Old 04-30-2019, 04:12 AM
 
Location: Henderson, NV
7,087 posts, read 8,629,910 times
Reputation: 9978
I am sure for someone, the PNW is a great fit. I cannot imagine those people. The weather is some of the worst you could find anywhere. At least snow is pretty, but nope in the PNW it’s just constant rain and clouds and gray skies nearly every day of the year. You get about 10 weeks of beautiful summer weather but the last two years in a row that was ruined completely the last month or more by forest fires so bad that we couldn’t be outside at all.
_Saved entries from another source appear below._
(* Let $(\rho,\sigma)\in\mathfrak V$ with $\sigma\le0$ and $P,Q\in W^{(l)}\setminus\{0\}$. If $\ell_{\rho,\sigma}(P)=\sum_{i=0}^{\alpha}\lambda_ix^{\frac rl-\frac{i\sigma}\rho}y^{s+i}$ and $\ell_{\rho,\sigma}(Q)=\sum_{j=0}^{\beta}\mu_jx^{\frac ul-\frac{j\sigma}\rho}y^{v+j}$ with $\lambda_0,\lambda_\alpha,\mu_0,\mu_\beta\neq0$, then $$[P,Q]_{\rho,\sigma}=\sum_{i=0}^{\alpha}\sum_{j=0}^{\beta}\lambda_i\mu_jc_{ij}\,x^{\frac{r+u}{l}-\frac{(i+j)\sigma}{\rho}-1}y^{s+v+i+j-1},$$ where $c_{ij}=\bigl(\frac ul-\frac{j\sigma}\rho,\,v+j\bigr)\times\bigl(\frac rl-\frac{i\sigma}\rho,\,s+i\bigr)$ and $(a_1,a_2)\times(b_1,b_2):=a_1b_2-a_2b_1$.
   Context: $K$ is a field of characteristic zero, $l\in\mathbb{N}$. $W^{(l)}$ is the associative $K$-algebra with $K$-basis $\{X^{i/l}Y^j:i\in\mathbb{Z},j\in\mathbb{N}_0\}$, powers of $X$ multiplying as Laurent monomials and $[Y,X^\alpha]=\alpha X^{\alpha-1}$ for $\alpha\in\frac1l\mathbb{Z}$. $L^{(l)}=K[x^{\pm1/l},y]$, $\Psi^{(l)}(X^{i/l}Y^j)=x^{i/l}y^j$ ($K$-linear); supports are sets of exponents with nonzero coefficient. $\mathfrak V=\{(\rho,\sigma)\in\mathbb{Z}^2:\gcd(\rho,\sigma)=1,\rho+\sigma>0\}$. For $P\ne0$, $v_{\rho,\sigma}(P)=\max\{\rho a+\sigma b:(a,b)\in\mathrm{Supp}(P)\}$, $\ell_{\rho,\sigma}(P)\in L^{(l)}$ = sum of terms of $\Psi^{(l)}(P)$ attaining it. $[P,Q]_{\rho,\sigma}:=0$ if $[P,Q]=0$ or $v_{\rho,\sigma}([P,Q])<v_{\rho,\sigma}(P)+v_{\rho,\sigma}(Q)-(\rho+\sigma)$, and $:=\ell_{\rho,\sigma}([P,Q])$ otherwise. *)

theory Defs
  imports Complex_Main
begin

text \<open>Elements of W^(l) and of L^(l) are both represented by their coefficient
functions: the value at (q,j) is the coefficient of X^q Y^j (resp. x^q y^j).
Psi^(l) is therefore the identity on coefficient functions.\<close>

type_synonym 'a wl = "rat \<times> nat \<Rightarrow> 'a"

definition supp :: "'a::zero wl \<Rightarrow> (rat \<times> nat) set" where
  "supp P = {z. P z \<noteq> 0}"

definition in_W :: "nat \<Rightarrow> 'a::zero wl \<Rightarrow> bool" where
  "in_W l P \<longleftrightarrow> finite (supp P) \<and>
     (\<forall>(q,j)\<in>supp P. of_nat l * q \<in> \<int>)"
So there was no summer. It’s endless dreariness that ruins your life unless you’re just ok with no sun ever. I’m not. People aren’t meant to live in darkness but in the warmth of the sun. That’s not this place. Denver is at least sunny about 300 days of the year even if it’s too cold for me, I could deal with cold and sunny.

Also the extreme liberal politics of the PNW makes it uninhabitable for me. Combine that with Seattle (1, 2, or 3) and Portland (9) both being in the top 10 worst traffic, yeah it’s not a pleasant part of the country.